Fifty Associates v. City of Boston

Decision Date18 May 1909
Citation201 Mass. 585,88 N.E. 427
PartiesFIFTY ASSOCIATES v. CITY OF BOSTON.
CourtUnited States State Supreme Judicial Court of Massachusetts Supreme Court
COUNSEL

H. E. Bolles, Tyler & Young, and Alex. Kendall, for petitioner.

Thos M. Babson, for defendant.

OPINION

LORING J.

1. We are of opinion that the presiding judge was wrong in ruling that the petitioner was not entitled to recover damages for water coming into the cellar by reason of the removal of the bulkhead. The case was tried on the footing that the petitioner had the rights 'of an ordinary abutter' in State street. That assumes that the petitioner owned the fee in his half of the street subject to the public right to use it for street uses.

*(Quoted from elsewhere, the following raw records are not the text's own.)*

lemma independent_summands_if_direct_sum_decomp:
  assumes "direct_sum_decomp I S W" "subspace W"
  shows "independent_summands I S"
  unfolding independent_summands_def
proof (intro allI impI ballI)
  fix d \<alpha> assume d: "(\<forall>\<beta>\<in>I. d \<beta> \<in> S \<beta>) \<and> (\<Sum>\<beta>\<in>I. d \<beta>) = 0" and "\<alpha> \<in> I"
  define decomposes_0 where "decomposes_0 f \<longleftrightarrow>
    (\<forall>\<beta>\<in>I. f \<beta> \<in> S \<beta>) \<and> (\<forall>\<beta>. \<beta> \<notin> I \<longrightarrow> f \<beta> = 0) \<and> 0 = (\<Sum>\<beta>\<in>I. f \<beta>)" for f
  define e where "e \<beta> = (if \<beta> \<in> I then d \<beta> else 0)" for \<beta>
  from assms(1) have "\<forall>x\<in>W. \<exists>!f. (\<forall>\<beta>\<in>I. f \<beta> \<in> S \<beta>) \<and> (\<forall>\<beta>. \<beta> \<notin> I \<longrightarrow> f \<beta> = 0) \<and> x = (\<Sum>\<beta>\<in>I. f \<beta>)"
    unfolding direct_sum_decomp_def by (elim conjE)
  then have "\<exists>!f. decomposes_0 f"
    unfolding decomposes_0_def using subspace_0[OF assms(2)] by (rule bspec)
  moreover have "decomposes_0 e"
    using d unfolding decomposes_0_def e_def by simp
  moreover have "decomposes_0 (\<lambda>_. 0)"
    using assms(1) subspace_0 unfolding decomposes_0_def direct_sum_decomp_def by auto
  ultimately have "e = (\<lambda>_. 0)"
    by blast
  with \<open>\<alpha> \<in> I\<close> show "d \<alpha> = 0"
    unfolding e_def by (metis (full_types))
qed

lemma independent_summands_lines:
  assumes "orthonormal U" "finite U"
  shows "independent_summands U (\<lambda>u. span {u})"
  unfolding independent_summands_def
proof (intro allI impI ballI)
  fix d w assume d: "(\<forall>u\<in>U. d u \<in> span {u}) \<and> (\<Sum>u\<in>U. d u) = 0" and w: "w \<in> U"
  have coord: "d u = (d u \<bullet> u) *\<^sub>R u" if "u \<in> U" for u
    using d that orthonormal_inner[OF assms(1) that that] by (auto simp: span_singleton)
  have "d w \<bullet> w = (\<Sum>u\<in>U. (d u \<bullet> u) *\<^sub>R u) \<bullet> w"
    using inner_sum_orthonormal[OF assms w] by simp
  also have "\<dots> = 0"
    using d coord by (simp cong: sum.cong)
  finally show "d w = 0"
    using coord[OF w] by simp
qed

lemma independent_summands_reindex:
  assumes "inj_on g I" "independent_summands I (S \<circ> g)"
  shows "independent_summands (g ` I) S"
  unfolding independent_summands_def
proof (intro allI impI)
  fix d assume d: "(\<forall>\<beta>\<in>g ` I. d \<beta> \<in> S \<beta>) \<and> (\<Sum>\<beta>\<in>g ` I. d \<beta>) = 0"
  from assms(2) have "(\<forall>\<beta>\<in>I. (d \<circ> g) \<beta> \<in> (S \<circ> g) \<beta>) \<and> (\<Sum>\<beta>\<in>I. (d \<circ> g) \<beta>) = 0
      \<longrightarrow> (\<forall>\<beta>\<in>I. (d \<circ> g) \<beta> = 0)"
    unfolding independent_summands_def by blast
  then have "\<forall>\<beta>\<in>I. (d \<circ> g) \<beta> = 0"
    using d by (simp add: sum.reindex[OF assms(1)])
  then show "\<forall>\<beta>\<in>g ` I. d \<beta> = 0"
    by simp
qed

lemma independent_summands_Un:
  assumes "independent_summands I S" "independent_summands I' S"
    and "finite I" "finite I'" "I \<inter> I' = {}"
    and "subspace A" "subspace B" "A \<inter> B \<subseteq> {0}"
    and "\<And>\<beta>. \<beta> \<in> I \<Longrightarrow> S \<beta> \<subseteq> A" "\<And>\<beta>. \<beta> \<in> I' \<Longrightarrow> S \<beta> \<subseteq> B"
  shows "independent_summands (I \<union> I') S"
  unfolding independent_summands_def
proof (intro allI impI)
  fix d assume d: "(\<forall>\<beta>\<in>I \<union> I'. d \<beta> \<in> S \<beta>) \<and> (\<Sum>\<beta>\<in>I \<union> I'. d \<beta>) = 0"
  let ?a = "\<Sum>\<beta>\<in>I. d \<beta>" and ?b = "\<Sum>\<beta>\<in>I'. d \<beta>"
  have "?a \<in> A"
    using d assms(6,9) by (intro subspace_sum) blast+
  moreover have "?b \<in> B"
    using d assms(7,10) by (intro subspace_sum) blast+
  moreover have "?a = - ?b"
    using d assms(3-5) by (simp add: sum.union_disjoint eq_neg_iff_add_eq_0)
  ultimately have "?a = 0" "?b = 0"
    using assms(7,8) subspace_neg by fastforce+
  then show "\<forall>\<beta>\<in>I \<union> I'. d \<beta> = 0"
    using d assms(1,2) unfolding independent_summands_def by blast
qed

The city solicitor has contended that the ruling was right on the ground that street uses include the use of the land below the surface of a street as well as the use of the surface itself and that a tunnel for cars is a street use. The city solicitor is doubtless right as to the proposition which he takes as the ground of his argument, but in our opinion he is wrong in the conclusion which he contends for based on that proposition. That the public easement in a street includes the use of the land below the surface as well as the use of the surface, and that a tunnel is a street use was established in Sears v. Crocker, 184 Mass. 586, 69 N.E. 327, 100 Am. St. Rep. 577. It is also established that the Legislature might have authorized the building of this tunnel without making compensation for bringing to an end the use which the petitioner as owner of the fee had theretofore made of the land under the street. See Boston Electric Light Co. v. Boston Terminal Co., 184 Mass. 566, 69 N.E. 346.

But the question we have to decide is whether as matter of construction of St. 1894, p. 772, c. 548, § 34, as amended by St. 1895, p. 486, c. 440, § 1, that is what the Legislature did; and we are of opinion that it is not.

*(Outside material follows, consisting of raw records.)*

(* Let $p,q\in\mathcal{S}$, let $k^*=\arg\max_k q_k$, let $m\ge1$ and $\delta\in[0,\log(1/p_{k^*}))$. Consider the problem of minimizing $H(\Phi\|q^m)$ over probability distributions $\Phi$ on $[K]^m$ subject to $D_{\mathrm{KL}}(\Phi\|p^m)\le m\delta$. Its unique solution is the product distribution $\phi_\delta^m$, i.e. $\Phi(y^m)=\prod_{i=1}^m\phi_\delta(y_i)$, where $\phi_\delta=T(q,p,\alpha(\delta))$.
   Context: Fix $K\ge2$ and $\zeta\in(0,1/K)$. $\mathcal{S}$ is the set of probability vectors $p=(p_1,\dots,p_K)$ on $[K]=\{1,\dots,K\}$ with $p_k>\zeta$ for all $k$ and $p_k\neq p_{k'}$ for all $k\ne k'$. For $p\in\mathcal{S}$, $p^m$ denotes the product (memoryless) distribution $p^m(y^m)=\prod_{i=1}^m p_{y_i}$ on $[K]^m$. Cross entropy $H(a\|b)=\sum a\log(1/b)$, KL divergence $D_{\mathrm{KL}}(a\|b)=\sum a\log(a/b)$, natural logarithms. Mismatched tilt: for $\alpha\in\mathbb{R}$, $T(q,p,\alpha)_k=\frac{p_kq_k^\alpha}{\sum_{j}p_jq_j^\alpha}$. For $\delta\in[0,\log(1/p_{k^*}))$, $\alpha(\delta)$ denotes the unique $\alpha\ge0$ with $D_{\mathrm{KL}}(T(q,p,\alpha)\|p)=\delta$, and $\phi_\delta=T(q,p,\alpha(\delta))$. *)

theory Defs
  imports "HOL-Analysis.Analysis" "HOL-Library.FuncSet"
begin

text \<open>Alphabet [K] = {1..K}; distributions on [K] are functions nat => real (only values on {1..K} matter).
  Sequences y^m in [K]^m are functions in {0..<m} ->E {1..K}.\<close>

definition inS :: "nat \<Rightarrow> real \<Rightarrow> (nat \<Rightarrow> real) \<Rightarrow> bool" where
  "inS K \<zeta> p \<longleftrightarrow> (\<forall>k\<in>{1..K}. p k > \<zeta>) \<and> (\<Sum>k=1..K. p k) = 1 \<and>
     (\<forall>k\<in>{1..K}. \<forall>k'\<in>{1..K}. k \<noteq> k' \<longrightarrow> p k \<noteq> p k')"

definition seqs :: "nat \<Rightarrow> nat \<Rightarrow> (nat \<Rightarrow> nat) set" where
  "seqs K m = {0..<m} \<rightarrow>\<^sub>E {1..K}"
lemma reconstruct_edge_cherry:
  assumes "0 \<le> a" "a \<le> 1/2" "0 \<le> py" "py \<le> 1/2" "0 \<le> pz" "pz \<le> 1/2"
    and \<theta>: "\<theta> = (1 - py) * (1 - pz) + py * pz" and \<pi>: "\<pi> = py * pz / \<theta>"
  shows "reconstruct_edge (Node a (Leaf py) (Leaf pz)) s = bind_pmf (bernoulli_pmf \<theta>)
           (\<lambda>x. reconstruct_edge
                  (if x then Leaf (merge_prob a \<pi>) else Leaf (merge_prob a (1/2))) s)"
proof -
  have \<pi>_bounds: "0 \<le> \<pi>" "\<pi> \<le> 1"
    using cherry_weight_bounds[OF assms(3-7)] \<pi> by simp_all
  have "reconstruct_edge (Node a (Leaf py) (Leaf pz)) s = bind_pmf (edge_pmf a s)
      (\<lambda>w. bind_pmf (edge_pmf py w) (\<lambda>y. bind_pmf (edge_pmf pz w) (coin_join y)))"
    by (simp add: reconstruct_edge_Node reconstruct_edge_Leaf)
  also have "\<dots> = bind_pmf (edge_pmf a s)
      (\<lambda>w. bind_pmf (bernoulli_pmf \<theta>) (\<lambda>x. edge_pmf (if x then \<pi> else 1/2) w))"
    by (simp add: cherry_coin_join_mixture[OF assms(3-8)])
  also have "\<dots> = bind_pmf (bernoulli_pmf \<theta>)
      (\<lambda>x. bind_pmf (edge_pmf a s) (edge_pmf (if x then \<pi> else 1/2)))"
    by (rule bind_commute_pmf)
  also have "\<dots> = bind_pmf (bernoulli_pmf \<theta>) (\<lambda>x. reconstruct_edge
      (if x then Leaf (merge_prob a \<pi>) else Leaf (merge_prob a (1/2))) s)"
    using assms(1,2) \<pi>_bounds
    by (intro bind_pmf_cong refl) (simp add: edge_pmf_merge reconstruct_edge_Leaf)
  finally show ?thesis .
qed

fun ctx_reconstruct_edge :: "ctx \<Rightarrow> (bool \<Rightarrow> bool pmf) \<Rightarrow> bool \<Rightarrow> bool pmf" where
  "ctx_reconstruct_edge Hole h = h"
| "ctx_reconstruct_edge (CL p c r) h = (\<lambda>s. bind_pmf (edge_pmf p s) (\<lambda>s'.
     bind_pmf (ctx_reconstruct_edge c h s') (\<lambda>a. bind_pmf (reconstruct_edge r s') (coin_join a))))"
| "ctx_reconstruct_edge (CR p l c) h = (\<lambda>s. bind_pmf (edge_pmf p s) (\<lambda>s'.
     bind_pmf (reconstruct_edge l s') (\<lambda>a. bind_pmf (ctx_reconstruct_edge c h s') (coin_join a))))"

fun ctx_reconstruct :: "ctx \<Rightarrow> (bool \<Rightarrow> bool pmf) \<Rightarrow> bool \<Rightarrow> bool pmf" where
  "ctx_reconstruct Hole h = h"
| "ctx_reconstruct (CL p c r) h = (\<lambda>s.
     bind_pmf (ctx_reconstruct_edge c h s) (\<lambda>a. bind_pmf (reconstruct_edge r s) (coin_join a)))"
| "ctx_reconstruct (CR p l c) h = (\<lambda>s.
     bind_pmf (reconstruct_edge l s) (\<lambda>a. bind_pmf (ctx_reconstruct_edge c h s) (coin_join a)))"

lemma reconstruct_edge_plug: "reconstruct_edge (plug C t) = ctx_reconstruct_edge C (reconstruct_edge t)"
  by (induction C) (auto simp: reconstruct_edge_Node)

lemma reconstruct_plug:
  "C \<noteq> Hole \<Longrightarrow> reconstruct (plug C t) = ctx_reconstruct C (reconstruct_edge t)"
  by (cases C) (auto simp: reconstruct_Node reconstruct_edge_plug)

lemma ctx_reconstruct_edge_bind:
  "ctx_reconstruct_edge C (\<lambda>s. bind_pmf B (\<lambda>x. H x s)) s
   = bind_pmf B (\<lambda>x. ctx_reconstruct_edge C (H x) s)"
proof (induction C arbitrary: s)
  case Hole
  then show ?case by simp
next
  case (CL p c r)
  then show ?case
    by (simp add: bind_assoc_pmf bind_commute_pmf[of "edge_pmf p s" B])
next
  case (CR p l c)
  have "ctx_reconstruct_edge (CR p l c) (\<lambda>s. bind_pmf B (\<lambda>x. H x s)) s
      = bind_pmf (edge_pmf p s) (\<lambda>s'. bind_pmf (reconstruct_edge l s') (\<lambda>a.
          bind_pmf B (\<lambda>x. bind_pmf (ctx_reconstruct_edge c (H x) s') (coin_join a))))"
    by (simp add: CR bind_assoc_pmf)
  also have "\<dots> = bind_pmf B (\<lambda>x. ctx_reconstruct_edge (CR p l c) (H x) s)"
    by (subst bind_pmf_commute_nested) simp
  finally show ?case .
qed

lemma ctx_reconstruct_bind:
  "ctx_reconstruct C (\<lambda>s. bind_pmf B (\<lambda>x. H x s)) s = bind_pmf B (\<lambda>x. ctx_reconstruct C (H x) s)"
  by (cases C)
     (simp_all add: ctx_reconstruct_edge_bind bind_assoc_pmf bind_commute_pmf[of "reconstruct_edge _ s" B])

lemma edges_ok_plug: "edges_ok (plug C t) \<Longrightarrow> edges_ok t"
  by (induction C) auto

lemma edges_ok_plug_inc: "edges_ok (plug C t) \<Longrightarrow> C \<noteq> Hole \<Longrightarrow> 0 \<le> inc t \<and> inc t \<le> 1/2"
proof (induction C)
  case (CL p c r)
  then show ?case by (cases "c = Hole") auto
next
  case (CR p l c)
  then show ?case by (cases "c = Hole") auto
qed simp

lemma RA_reconstruct:
  "RA r0 T = pmf (bind_pmf (bernoulli_pmf r0)
                    (\<lambda>s. bind_pmf (reconstruct T s) (\<lambda>a. return_pmf (a = s)))) True"
  by (simp add: RA_def reconstruct_def bind_assoc_pmf measure_pmf_single)

lemma RA_mixture:
  assumes "0 \<le> \<theta>" "\<theta> \<le> 1"
    and mix: "\<And>s. reconstruct T s =
                    bind_pmf (bernoulli_pmf \<theta>) (\<lambda>x. reconstruct (if x then T1 else T2) s)"
  shows "RA r0 T = \<theta> * RA r0 T1 + (1 - \<theta>) * RA r0 T2"
proof -
  define P where "P T' = bind_pmf (bernoulli_pmf r0)
    (\<lambda>s. bind_pmf (reconstruct T' s) (\<lambda>a. return_pmf (a = s)))" for T'
  have "P T = bind_pmf (bernoulli_pmf r0) (\<lambda>s. bind_pmf (bernoulli_pmf \<theta>) (\<lambda>x.
      bind_pmf (reconstruct (if x then T1 else T2) s) (\<lambda>a. return_pmf (a = s))))"
    by (simp add: P_def mix bind_assoc_pmf)
  also have "\<dots> = bind_pmf (bernoulli_pmf \<theta>) (\<lambda>x. bind_pmf (bernoulli_pmf r0) (\<lambda>s.
      bind_pmf (reconstruct (if x then T1 else T2) s) (\<lambda>a. return_pmf (a = s))))"
    by (rule bind_commute_pmf)
  also have "\<dots> = bind_pmf (bernoulli_pmf \<theta>) (\<lambda>x. if x then P T1 else P T2)"
    by (intro bind_pmf_cong refl) (auto simp: P_def)
  finally show ?thesis
    using assms(1,2) by (simp add: RA_reconstruct P_def[symmetric] pmf_bind_bernoulli)
qed
lemma (in prob_space) Markov_inequality_prob_ge:
  assumes Z[measurable]: "Z \<in> borel_measurable M"
    and Z_int: "(\<integral>\<^sup>+x. Z x \<partial>M) \<le> ennreal B" and B: "0 < B" and \<delta>: "0 < \<delta>"
  shows "1 - \<delta> \<le> prob {x \<in> space M. Z x \<le> ennreal (B / \<delta>)}"
proof -
  let ?E = "{x \<in> space M. Z x \<le> ennreal (B / \<delta>)}"
  define c where "c = ennreal (\<delta> / B)"
  have c_B: "c * ennreal (B / \<delta>) = 1" and c_B': "c * ennreal B = ennreal \<delta>"
    using B \<delta> by (simp_all add: c_def flip: ennreal_mult)
  have "1 \<le> c * Z x" if "ennreal (B / \<delta>) < Z x" for x
  proof -
    have "c * ennreal (B / \<delta>) \<le> c * Z x"
      using that by (intro mult_left_mono) auto
    then show ?thesis using c_B by simp
  qed
  then have "space M - ?E \<subseteq> {x \<in> space M. 1 \<le> c * Z x}"
    by (auto simp: not_le)
  then have "emeasure M (space M - ?E) \<le> c * (\<integral>\<^sup>+x. Z x * indicator (space M) x \<partial>M)"
    by (intro order.trans[OF emeasure_mono nn_integral_Markov_inequality]) auto
  also have "(\<integral>\<^sup>+x. Z x * indicator (space M) x \<partial>M) = (\<integral>\<^sup>+x. Z x \<partial>M)"
    by (intro nn_integral_cong) simp
  also have "c * \<dots> \<le> ennreal \<delta>"
    unfolding c_B'[symmetric] using Z_int by (rule mult_left_mono) simp
  finally have "prob (space M - ?E) \<le> \<delta>"
    using \<delta> by (simp add: emeasure_eq_measure)
  then show ?thesis
    by (simp add: prob_compl)
qed

lemma catoni_bound_at_optimal_lambda:
  fixes C L n x :: real
  assumes C: "0 < C" and L: "0 < L" and n: "0 < n"
    and bound: "sqrt (8 * n * C) / L * x \<le> C + (sqrt (8 * n * C) / L)\<^sup>2 * L\<^sup>2 / (8 * n)"
  shows "x \<le> L * sqrt (C / (2 * n))"
proof -
  define s where "s = sqrt (8 * n * C)"
  have s: "0 < s" and s2: "s\<^sup>2 = 8 * n * C"
    using C n by (simp_all add: s_def)
  have "s / L * x \<le> 2 * C"
    using bound s2 L n by (simp add: s_def[symmetric] power_divide)
  then have "x \<le> 2 * C * L / s"
    using s L by (simp add: field_simps)
  also have "2 * C * L / s = L * sqrt (C / (2 * n))"
  proof -
    have "sqrt (C / (2 * n)) = s / (4 * n)"
      using s s2 n by (intro real_sqrt_unique) (auto simp: field_simps power2_eq_square)
    moreover have "2 * C * L / s = L * (s / (4 * n))"
      using s s2 n by (simp add: field_simps power2_eq_square)
    ultimately show ?thesis
      by simp
  qed
  finally show ?thesis .
qed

The terms of the statute here in question are like those in case of highways. Rev. Laws c. 48, § 15.

The question whether such statutes should be limited as matter of construction to acts done which are in violation of common-law rights protected by the Constitution, or should be extended to include all acts which in fact cause injury of a special and peculiar kind although not a violation of common-law rights protected by the Constitution, was for a long time a question on which the decisions of this court were not all of them in accord. The question was put at rest by the decision in Hyde v. Fall River, 189 Mass. 439, 75 N.E. 953, 2 L. R. A. (N. S.) 269, in which it was held that such statutes are to be construed to give compensation for all injuries, special and peculiar, and not to be limited to violations of common-law rights protected by the Constitution. See, also, Whitney v. Com., 190 Mass. 531, 77 N.E. 516. See, also, in this connection, McKeon v. New England R. R., 199 Mass. 292, 85 N.E. 475. Although the city had a right to remove the bulkhead, yet if the removal caused an injury to the petitioner's property, the petitioner, by virtue of St. 1895, p. 486, c. 440, is entitled to compensation therefor.

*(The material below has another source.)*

(* Assume the setting described in the context, assume for all $x\in[a,b]^{\ell_0}$ that $f(x)=f(0)$, let $(\gamma_n)_{n\in\mathbb N_0}\subseteq[0,\infty)$, let $(\Theta_n)_{n\in\mathbb N_0}\colon\mathbb N_0\to\mathbb R^{\mathfrak d}$ satisfy for all $n\in\mathbb N_0$ that $\Theta_{n+1}=\Theta_n-\gamma_n\mathcal G(\Theta_n)$, and assume $\sum_{n=0}^\infty\gamma_n=\infty$ and $$\sup_{n\in\mathbb N_0}(\gamma_n\mathfrak m)<\Big(L\mathbf a^2\Big[\prod_{p=0}^L(\ell_p+1)\Big](2V(\Theta_0)+4L^2\|f(0)\|^2+1)^{L-1}\Big)^{-1}.$$ Then (i) $\sup_{n\in\mathbb N_0}\|\Theta_n\|\le[2V(\Theta_0)+4L^2\|f(0)\|^2]^{1/2}<\infty$ and (ii) $\limsup_{n\to\infty}\mathcal L_\infty(\Theta_n)=0$.
   Context: Setting. Let $L,\mathfrak d\in\mathbb N=\{1,2,\dots\}$, $(\ell_k)_{k\in\mathbb N_0}\subseteq\mathbb N$, $a\in\mathbb R$, $b\in(a,\infty)$, $\mathscr A\in(0,\infty)$, $\mathscr B\in(\mathscr A,\infty)$ with $\mathfrak d=\sum_{k=1}^L\ell_k(\ell_{k-1}+1)$; let $\mathbf a=\max\{|a|,|b|,1\}$ and $\mathbf d_k=\sum_{h=1}^k\ell_h(\ell_{h-1}+1)$ for $k\in\mathbb N_0$. For $\theta=(\theta_1,\dots,\theta_{\mathfrak d})\in\mathbb R^{\mathfrak d}$, $k\in\{1,\dots,L\}$, $i\in\{1,\dots,\ell_k\}$, $j\in\{1,\dots,\ell_{k-1}\}$ let $\mathfrak w^{k,\theta}_{i,j}=\theta_{(i-1)\ell_{k-1}+j+\mathbf d_{k-1}}$ and $\mathfrak b^{k,\theta}_i=\theta_{\ell_k\ell_{k-1}+i+\mathbf d_{k-1}}$, let $\mathfrak w^{k,\theta}=(\mathfrak w^{k,\theta}_{i,j})_{i,j}\in\mathbb R^{\ell_k\times\ell_{k-1}}$, $\mathfrak b^{k,\theta}=(\mathfrak b^{k,\theta}_1,\dots,\mathfrak b^{k,\theta}_{\ell_k})\in\mathbb R^{\ell_k}$, and $\mathcal A^\theta_k\colon\mathbb R^{\ell_{k-1}}\to\mathbb R^{\ell_k}$, $\mathcal A^\theta_k(x)=\mathfrak b^{k,\theta}+\mathfrak w^{k,\theta}x$. Let $\mathscr R_\infty(x)=\max\{x,0\}$ and let $\mathscr R_r\colon\mathbb R\to\mathbb R$, $r\in[1,\infty)$, satisfy for all $r\in[1,\infty)$: $\mathscr R_r\in C^1(\mathbb R,\mathbb R)$, $\mathscr R_r(x)=0$ for all $x\le\mathscr A r^{-1}$, $0\le\mathscr R_r(y)\le\max\{y,0\}$ for all $y\in\mathbb R$, $\mathscr R_r(z)=z$ for all $z\ge\mathscr B r^{-1}$; assume $\sup_{r\in[1,\infty)}\sup_{x\in\mathbb R}|(\mathscr R_r)'(x)|<\infty$. $\|\cdot\|$, $\langle\cdot,\cdot\rangle$ are the Euclidean norm and scalar product on each $\mathbb R^n$; for $r\in[1,\infty]$, $\mathfrak M_r(x_1,\dots,x_n)=(\mathscr R_r(x_1),\dots,\mathscr R_r(x_n))$. For $r\in[1,\infty]$, $\theta\in\mathbb R^{\mathfrak d}$ define $\mathcal N^{k,\theta}_r\colon\mathbb R^{\ell_0}\to\mathbb R^{\ell_k}$, $k\in\{1,\dots,L\}$, by $\mathcal N^{1,\theta}_r=\mathcal A^\theta_1$ and $\mathcal N^{k+1,\theta}_r(x)=\mathcal A^\theta_{k+1}(\mathfrak M_{r^{1/k}}(\mathcal N^{k,\theta}_r(x)))$ (with $\infty^{1/k}=\infty$). Let $\mu$ be a measure on the Borel $\sigma$-algebra of $[a,b]^{\ell_0}$ with $\mathfrak m=\mu([a,b]^{\ell_0})\in\mathbb R$, let $f=(f_1,\dots,f_{\ell_L})\colon\mathbb R^{\ell_0}\to\mathbb R^{\ell_L}$ be measurable (only its values on $[a,b]^{\ell_0}$ and the value $f(0)$ enter), and for $r\in[1,\infty]$ let $\mathcal L_r\colon\mathbb R^{\mathfrak d}\to\mathbb R$ be given by $\mathcal L_r(\theta)=\int_{[a,b]^{\ell_0}}\|\mathcal N^{L,\theta}_r(x)-f(x)\|^2\,\mu(dx)$ (these integrals are real numbers as part of the setting). Let $\mathcal G\colon\mathbb R^{\mathfrak d}\to\mathbb R^{\mathfrak d}$ satisfy $\mathcal G(\theta)=\lim_{r\to\infty}(\nabla\mathcal L_r)(\theta)$ for every $\theta$ for which $((\nabla\mathcal L_r)(\theta))_{r\in[1,\infty)}$ is convergent as $r\to\infty$. Let $V\colon\mathbb R^{\mathfrak d}\to\mathbb R$, $V(\theta)=\big[\sum_{k=1}^L\big(k\|\mathfrak b^{k,\theta}\|^2+\sum_{i=1}^{\ell_k}\sum_{j=1}^{\ell_{k-1}}|\mathfrak w^{k,\theta}_{i,j}|^2\big)\big]-2L\langle f(0),\mathfrak b^{L,\theta}\rangle$. *)

theory Defs
  imports "HOL-Analysis.Analysis"
begin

It follows that the exception must be sustained which was taken to the following portion of the charge of the presiding judge: 'I rule, for the purposes of this case, that any boxing or any structure that the owners of this particular piece of property, or the original owners of this whole block, had put into the street for their own purpose, having been put in long after the public rights had been acquired in the street, is not a structure whose destruction or removal gives them any right, by reason of that destruction or removal, to claim damages. Therefore that is not an injury to property which of itself entitles them to any damages in this case.'

2. The petitioner asked the presiding judge to give the following ruling: 'The plaintiff in this petition is entitled to recover all damages sustained by it to the property in question occasioned by the construction of the tunnel and its station, and in estimating such damages you are not to take into account the benefit, if any, received by said property from said tunnel and station.' This was refused, and the instruction on this point given to the jury was in substance: That if out of the fact that passengers from the tunnel were landed at the door of the petitioner's store anything had resulted which is a benefit to that store, 'something directly affecting this estate and others just like it,' that benefit could be set off against the damage from the tunnel after the physical damage from the settling of the building had been made good.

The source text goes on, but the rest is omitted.